Posted on 2021-02-06

Distributed Hash Table (DHT) is one of the fundamental components used in distributed scalable systems. Hash Tables need a key, a value, and a hash function where hash function maps the key to a location where the value is stored:

index = hash_function(key)

Suppose we are designing a distributed caching system. Given “n” cache servers, an intuitive hash function would be “key % n”. It is simple and commonly used. But it has two major drawbacks:

  1. It is NOT horizontally scalable. Whenever a new cache host is added to the system, all existing mappings are broken. It will be a pain point in maintenance if the caching system contains lots of data. Practically, it becomes difficult to schedule a downtime to update all caching mappings;
  2. It may NOT be load balanced, especially for non-uniformly distributed data. In practice, it can be easily assumed that the data will not be distributed uniformly. For the caching system, it translates into some caches becoming hot and saturated while the others idle and are almost empty;

In such situations, consistent hashing is a good way to improve the caching system.

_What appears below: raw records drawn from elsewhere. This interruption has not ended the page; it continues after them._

lemma le_trans:
  "\<lbrakk>a \<in> pcar A; b \<in> pcar A; c \<in> pcar A; psl_le A a b; psl_le A b c\<rbrakk> \<Longrightarrow> psl_le A a c"
  using is_psl unfolding is_psl_def psl_le_def by metis

lemma meet_le1: "a \<in> pcar A \<Longrightarrow> b \<in> pcar A \<Longrightarrow> psl_le A (pmeet A a b) a"
  and meet_le2: "a \<in> pcar A \<Longrightarrow> b \<in> pcar A \<Longrightarrow> psl_le A (pmeet A a b) b"
  using is_psl unfolding is_psl_def psl_le_def by metis+

lemma le_meetI:
  "\<lbrakk>c \<in> pcar A; a \<in> pcar A; b \<in> pcar A; psl_le A c a; psl_le A c b\<rbrakk> \<Longrightarrow> psl_le A c (pmeet A a b)"
  using is_psl unfolding is_psl_def psl_le_def by metis

lemma meet_mono:
  assumes "a \<in> pcar A" "b \<in> pcar A" "a' \<in> pcar A" "b' \<in> pcar A"
    and "psl_le A a a'" "psl_le A b b'"
  shows "psl_le A (pmeet A a b) (pmeet A a' b')"
  using assms le_meetI le_trans meet_le1 meet_le2 meet_closed by meson

lemma zero_le: "a \<in> pcar A \<Longrightarrow> psl_le A (pzero A) a"
  and le_one: "a \<in> pcar A \<Longrightarrow> psl_le A a (pone A)"
  using is_psl unfolding is_psl_def by blast+

lemma le_zero_iff: "a \<in> pcar A \<Longrightarrow> psl_le A a (pzero A) \<longleftrightarrow> a = pzero A"
  using is_psl unfolding is_psl_def psl_le_def by metis
definition rooted_images ::
  "'a set \<Rightarrow> 'a set set \<Rightarrow> nat \<Rightarrow> ('a set \<times> 'a set set) set \<Rightarrow> nat set \<Rightarrow> nat set set set" where
  "rooted_images V E n \<A> P = {(\<lambda>y. f ` y) ` (E - R) | f Z R.
     f \<in> V \<rightarrow>\<^sub>E {..<n} \<and> inj_on f V \<and> (Z, R) \<in> \<A> \<and> f ` Z \<subseteq> P}"

definition edge_roots :: "'a set set \<Rightarrow> ('a set \<times> 'a set set) set" where
  "edge_roots E = {(eH, {eH, gH}) | eH gH. eH \<in> E \<and> gH \<in> E \<and> eH \<noteq> gH}"

definition vertex_roots :: "'a set \<Rightarrow> 'a set set \<Rightarrow> ('a set \<times> 'a set set) set" where
  "vertex_roots V E = {({x}, {gH}) | x gH. x \<in> V \<and> gH \<in> E}"

lemma card_edge_roots: "finite E \<Longrightarrow> card (edge_roots E) \<le> card E ^ 2"
proof -
  assume "finite E"
  have "edge_roots E \<subseteq> (\<lambda>(eH, gH). (eH, {eH, gH})) ` (E \<times> E)"
    by (auto simp: edge_roots_def)
  then have "card (edge_roots E) \<le> card (E \<times> E)"
    using \<open>finite E\<close> by (meson card_image_le card_mono finite_SigmaI finite_imageI order_trans)
  then show ?thesis by (simp add: card_cartesian_product power2_eq_square)
qed

lemma card_vertex_roots: "finite V \<Longrightarrow> finite E \<Longrightarrow> card (vertex_roots V E) \<le> card V * card E"
proof -
  assume "finite V" "finite E"
  have "vertex_roots V E = (\<lambda>(x, gH). ({x}, {gH})) ` (V \<times> E)"
    by (auto simp: vertex_roots_def)
  then show ?thesis
    using card_image_le[of "V \<times> E" "\<lambda>(x, gH). ({x}, {gH})"] \<open>finite V\<close> \<open>finite E\<close>
    by (simp add: card_cartesian_product)
qed

lemma finite_edge_roots: "finite E \<Longrightarrow> finite (edge_roots E)"
  by (rule finite_subset[of _ "E \<times> Pow E"]) (auto simp: edge_roots_def)

lemma finite_vertex_roots: "finite V \<Longrightarrow> finite E \<Longrightarrow> finite (vertex_roots V E)"
  by (rule finite_subset[of _ "Pow V \<times> Pow E"]) (auto simp: vertex_roots_def)

definition root_configurations ::
  "'a set set \<Rightarrow> ('a set \<times> 'a set set) set \<Rightarrow> nat \<Rightarrow> ('a set \<times> 'a set set \<times> 'a set set) set" where
  "root_configurations E \<A> t = {(Z, R, TH). (Z, R) \<in> \<A> \<and> TH \<subseteq> E - R \<and> TH \<noteq> {} \<and> card TH = t}"

lemma root_configurations_subset: "root_configurations E \<A> t \<subseteq> (\<lambda>((Z, R), TH). (Z, R, TH)) ` (\<A> \<times> Pow E)"
proof
  fix c assume "c \<in> root_configurations E \<A> t"
  then obtain Z R TH where "c = (Z, R, TH)" "(Z, R) \<in> \<A>" "TH \<subseteq> E - R"
    by (auto simp: root_configurations_def)
  then show "c \<in> (\<lambda>((Z, R), TH). (Z, R, TH)) ` (\<A> \<times> Pow E)"
    by (intro image_eqI[of _ _ "((Z, R), TH)"]) auto
qed

lemma finite_root_configurations: "finite \<A> \<Longrightarrow> finite E \<Longrightarrow> finite (root_configurations E \<A> t)"
  using root_configurations_subset by (rule finite_subset) simp

lemma card_root_configurations_le:
  assumes "finite \<A>" "finite E"
  shows "card (root_configurations E \<A> t) \<le> card \<A> * 2 ^ card E"
proof -
  have "card (root_configurations E \<A> t) \<le> card ((\<lambda>((Z, R), TH). (Z, R, TH)) ` (\<A> \<times> Pow E))"
    using assms by (intro card_mono[OF _ root_configurations_subset]) auto
  also have "\<dots> \<le> card (\<A> \<times> Pow E)" by (rule card_image_le) (use assms in simp)
  finally show ?thesis using assms by (simp add: card_cartesian_product card_Pow)
qed

context strictly_2_balanced_graph
begin

lemma inj_on_image_edges: "inj_on f V \<Longrightarrow> inj_on (\<lambda>y. f ` y) E"
  using edge_subset by (auto simp: inj_on_def inj_on_image_eq_iff)

lemma image_edge_in_Kn_edges:
  assumes "f ` V \<subseteq> {..<n}" "inj_on f V" "y \<in> E"
  shows "f ` y \<in> Kn_edges n"
  using assms edge_subset[OF assms(3)] card_edge[OF assms(3)]
  by (auto simp: Kn_edges_def card_image inj_on_subset)

lemma rooted_images_subset_Pow: "rooted_images V E n \<A> P \<subseteq> Pow (Kn_edges n)"
  by (auto simp: rooted_images_def PiE_def intro!: image_edge_in_Kn_edges)

lemma card_rooted_image:
  assumes "B \<in> rooted_images V E n \<A> P" "\<And>Z R. (Z, R) \<in> \<A> \<Longrightarrow> R \<subseteq> E \<and> card R = r"
  shows "card B = card E - r"
proof -
  obtain f Z R where f: "inj_on f V" "(Z, R) \<in> \<A>" "B = (\<lambda>y. f ` y) ` (E - R)"
    using assms(1) by (auto simp: rooted_images_def)
  then have "card B = card (E - R)"
    using inj_on_image_edges by (metis Diff_subset card_image inj_on_subset)
  moreover have "R \<subseteq> E" "card R = r" using assms(2)[OF f(2)] by auto
  ultimately show ?thesis using finite_E by (simp add: card_Diff_subset finite_subset)
qed

lemma rooted_imageI:
  assumes "f ` V \<subseteq> {..<n}" "inj_on f V" "(Z, R) \<in> \<A>" "f ` Z \<subseteq> P" "Z \<subseteq> V" "R \<subseteq> E"
  shows "(\<lambda>y. f ` y) ` (E - R) \<in> rooted_images V E n \<A> P"
proof -
  have "(\<lambda>y. f ` y) ` (E - R) = (\<lambda>y. restrict f V ` y) ` (E - R)"
    using edge_subset by (intro image_cong refl) (auto simp: image_def)
  moreover have "restrict f V \<in> V \<rightarrow>\<^sub>E {..<n}" "inj_on (restrict f V) V" "restrict f V ` Z \<subseteq> P"
    using assms(1,2,4,5) by auto
  ultimately show ?thesis
    unfolding rooted_images_def using assms(3) by blast
qed

lemma link_shadow_subset_rooted_images:
  "hshadow (hlink (copies V E n) e) \<subseteq> rooted_images V E n (edge_roots E) e"
proof
  fix B assume "B \<in> hshadow (hlink (copies V E n) e)"
  then obtain A g where A: "A \<in> copies V E n" "e \<in> A" "g \<in> A" "g \<noteq> e" and B: "B = A - {e, g}"
    unfolding hshadow_def hlink_def by blast
  then obtain f where f: "inj_on f V" "f ` V \<subseteq> {..<n}" "A = (\<lambda>y. f ` y) ` E"
    unfolding copies_def by blast
  then obtain eH gH where "eH \<in> E" "gH \<in> E" "e = f ` eH" "g = f ` gH" "eH \<noteq> gH"
    using A by blast
  moreover from this have "B = (\<lambda>y. f ` y) ` (E - {eH, gH})"
    using B f inj_on_image_edges[OF f(1)] by (simp add: inj_on_image_set_diff)
  ultimately show "B \<in> rooted_images V E n (edge_roots E) e"
    using f edge_subset by (auto simp: edge_roots_def intro!: rooted_imageI)
qed

lemma vertex_shadow_subset_rooted_images:
  "hshadow (copies_at V E n v) \<subseteq> rooted_images V E n (vertex_roots V E) {v}"
proof
  fix B assume "B \<in> hshadow (copies_at V E n v)"
  then obtain A g where A: "A \<in> copies V E n" "v \<in> \<Union>A" "g \<in> A" and B: "B = A - {g}"
    unfolding hshadow_def hlink_def copies_at_def by blast
  then obtain f where f: "inj_on f V" "f ` V \<subseteq> {..<n}" "A = (\<lambda>y. f ` y) ` E"
    unfolding copies_def by blast
  then obtain x gH where "x \<in> V" "f x = v" "gH \<in> E" "g = f ` gH"
    using A edge_subset by blast
  moreover from this have "B = (\<lambda>y. f ` y) ` (E - {gH})"
    using B f inj_on_image_edges[OF f(1)] by (simp add: inj_on_image_set_diff)
  ultimately show "B \<in> rooted_images V E n (vertex_roots V E) {v}"
    using f edge_subset by (auto simp: vertex_roots_def intro!: rooted_imageI)
qed
definition freezing :: "'q set \<Rightarrow> cell set \<Rightarrow> ((cell \<Rightarrow> 'q) \<Rightarrow> 'q) \<Rightarrow> bool" where
  "freezing Q N f \<longleftrightarrow> (\<exists>R. partial_order_on Q R \<and>
     (\<forall>c\<in>conf Q. \<forall>z. (glob N f c z, c z) \<in> R))"

definition k_change :: "nat \<Rightarrow> 'q set \<Rightarrow> cell set \<Rightarrow> ((cell \<Rightarrow> 'q) \<Rightarrow> 'q) \<Rightarrow> bool" where
  "k_change k Q N f \<longleftrightarrow> (\<forall>c\<in>conf Q. \<forall>z.
     finite {t::nat. (glob N f ^^ Suc t) c z \<noteq> (glob N f ^^ t) c z} \<and>
     card {t::nat. (glob N f ^^ Suc t) c z \<noteq> (glob N f ^^ t) c z} \<le> k)"

text \<open>Block encoding: the block B = [a1, a1+b1) x [a2, a2+b2) with size vector b = (b1,b2).
Cell w is written uniquely as w = b z + r with r in B; its image is phi (c|_{z+C}) r.\<close>

definition block :: "int \<Rightarrow> int \<Rightarrow> int \<Rightarrow> int \<Rightarrow> cell set" where
  "block a1 a2 b1 b2 = {a1..<a1+b1} \<times> {a2..<a2+b2}"

definition phibar :: "int \<Rightarrow> int \<Rightarrow> int \<Rightarrow> int \<Rightarrow> cell set \<Rightarrow>
    ((cell \<Rightarrow> 'g) \<Rightarrow> cell \<Rightarrow> 'q) \<Rightarrow> (cell \<Rightarrow> 'g) \<Rightarrow> (cell \<Rightarrow> 'q)" where
  "phibar a1 a2 b1 b2 C \<phi> c = (\<lambda>w.
     let z = ((fst w - a1) div b1, (snd w - a2) div b2)
     in \<phi> (pat C c z) (fst w - b1 * fst z, snd w - b2 * snd z))"

definition simulates ::
  "'q set \<Rightarrow> cell set \<Rightarrow> ((cell \<Rightarrow> 'q) \<Rightarrow> 'q) \<Rightarrow>
   'g set \<Rightarrow> cell set \<Rightarrow> ((cell \<Rightarrow> 'g) \<Rightarrow> 'g) \<Rightarrow> bool" where
  "simulates QU NU fU QG NG fG \<longleftrightarrow>
    (\<exists>(T::nat) a1 a2 b1 b2 C \<phi>. T > 0 \<and> b1 > 0 \<and> b2 > 0 \<and>
       finite C \<and> (0,0) \<in> C \<and>
       (\<forall>p. (\<forall>n\<in>C. p n \<in> QG) \<longrightarrow> (\<forall>r\<in>block a1 a2 b1 b2. \<phi> p r \<in> QU)) \<and>
       inj_on (phibar a1 a2 b1 b2 C \<phi>) (conf QG) \<and>
       (\<forall>c\<in>conf QG. phibar a1 a2 b1 b2 C \<phi> (glob NG fG c) =
                       (glob NU fU ^^ T) (phibar a1 a2 b1 b2 C \<phi> c)))"

definition VN2 :: "cell set" where
  "VN2 = {(0,0), (1,0), (-1,0), (0,1), (0,-1)}"

datatype fstate = Zero | Left | Down | LeftDown

definition NF :: "cell set" where
  "NF = {(0,0), (0,1), (1,0)}"

definition fF_loc :: "fstate \<Rightarrow> fstate \<Rightarrow> fstate \<Rightarrow> fstate" where
  "fF_loc a n e =
    (if a = Zero \<and> n = Down \<and> e = Zero then Down
     else if a = Zero \<and> n = Zero \<and> e = Left then Left
     else if a = Zero \<and> e = LeftDown then Left
     else if a = Down \<and> e = Left then LeftDown
     else a)"
definition restrict_alg :: "('h, 'v, 'z) falg_scheme \<Rightarrow> 'h set \<Rightarrow> 'v set \<Rightarrow> ('h, 'v) falg" where
  "restrict_alg A H V =
     \<lparr> Hc = H, Vc = V, hadd = hadd A, hzero = hzero A, vmul = vmul A, vone = vone A,
       act = act A, ins = ins A \<rparr>"

definition congruence :: "('h, 'v, 'z) falg_scheme \<Rightarrow> 'h rel \<Rightarrow> 'v rel \<Rightarrow> bool" where
  "congruence A R S \<longleftrightarrow>
     equiv (Hc A) R \<and> equiv (Vc A) S \<and>
     (\<forall>h1 h2 h1' h2'. (h1, h1') \<in> R \<and> (h2, h2') \<in> R \<longrightarrow> (hadd A h1 h2, hadd A h1' h2') \<in> R) \<and>
     (\<forall>v1 v2 v1' v2'. (v1, v1') \<in> S \<and> (v2, v2') \<in> S \<longrightarrow> (vmul A v1 v2, vmul A v1' v2') \<in> S) \<and>
     (\<forall>v v' h h'. (v, v') \<in> S \<and> (h, h') \<in> R \<longrightarrow> (act A v h, act A v' h') \<in> R) \<and>
     (\<forall>h h'. (h, h') \<in> R \<longrightarrow> (ins A h, ins A h') \<in> S)"

text \<open>Quotient: carriers are the equivalence classes; operations act on representatives
  (well defined for a congruence; we take the union over all representatives).\<close>
definition quotient_alg :: "('h, 'v, 'z) falg_scheme \<Rightarrow> 'h rel \<Rightarrow> 'v rel \<Rightarrow> ('h set, 'v set) falg" where
  "quotient_alg A R S =
     \<lparr> Hc = Hc A // R, Vc = Vc A // S,
       hadd = (\<lambda>X Y. \<Union>{R `` {hadd A x y} | x y. x \<in> X \<and> y \<in> Y}),
       hzero = R `` {hzero A},
       vmul = (\<lambda>X Y. \<Union>{S `` {vmul A x y} | x y. x \<in> X \<and> y \<in> Y}),
       vone = S `` {vone A},
       act = (\<lambda>X Y. \<Union>{R `` {act A x y} | x y. x \<in> X \<and> y \<in> Y}),
       ins = (\<lambda>Y. \<Union>{S `` {ins A y} | y. y \<in> Y}) \<rparr>"

definition divides :: "('h, 'v, 'z) falg_scheme \<Rightarrow> ('h2, 'v2, 'z2) falg_scheme \<Rightarrow> bool" where
  "divides F G \<longleftrightarrow>
     (\<exists>H V R S \<phi> \<psi>. is_subalgebra G H V \<and> congruence (restrict_alg G H V) R S \<and>
        isomorphism (quotient_alg (restrict_alg G H V) R S) F \<phi> \<psi>)"

definition distributive :: "('h, 'v, 'z) falg_scheme \<Rightarrow> bool" where
  "distributive A \<longleftrightarrow>
     (\<forall>v\<in>Vc A. \<forall>h1\<in>Hc A. \<forall>h2\<in>Hc A.
        act A v (hadd A h1 h2) = hadd A (act A v h1) (act A v h2))"

definition wreath ::
  "('h1, 'v1, 'z1) falg_scheme \<Rightarrow> ('h2, 'v2, 'z2) falg_scheme \<Rightarrow>
   ('h1 \<times> 'h2, ('h2 \<Rightarrow> 'v1) \<times> 'v2) falg" where
  "wreath G1 G2 =
     \<lparr> Hc = Hc G1 \<times> Hc G2,
       Vc = (Hc G2 \<rightarrow>\<^sub>E Vc G1) \<times> Vc G2,
       hadd = (\<lambda>(a1, a2) (b1, b2). (hadd G1 a1 b1, hadd G2 a2 b2)),
       hzero = (hzero G1, hzero G2),
       vmul = (\<lambda>(f, v) (f', v'). (\<lambda>h\<in>Hc G2. vmul G1 (f (act G2 v' h)) (f' h), vmul G2 v v')),
       vone = (\<lambda>h\<in>Hc G2. vone G1, vone G2),
       act = (\<lambda>(f, v) (h1, h2). (act G1 (f h2) h1, act G2 v h2)),
       ins = (\<lambda>(h1, h2). (\<lambda>h\<in>Hc G2. ins G1 h1, ins G2 h2)) \<rparr>"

What is Consistent Hashing?

Consistent hashing is a very useful strategy for distributed caching systems and DHTs. It allows us to distribute data across a cluster in such a way that will minimize reorganization when nodes are added or removed. Hence, the caching system will be easier to scale up or scale down.

In Consistent Hashing, when the hash table is resized (e.g., a new cache host is added to the system), only “k/n” keys need to be remapped where “k” is the total number of keys and “n” is the total number of servers. Recall that in a caching system using the “mod” as the hash function, all keys need to be remapped.

In Consistent Hashing, objects are mapped to the same host if possible. When a host is removed from the system, the objects on that host are shared by other hosts; when a new host is added, it takes its share from a few hosts without touching other’s shares.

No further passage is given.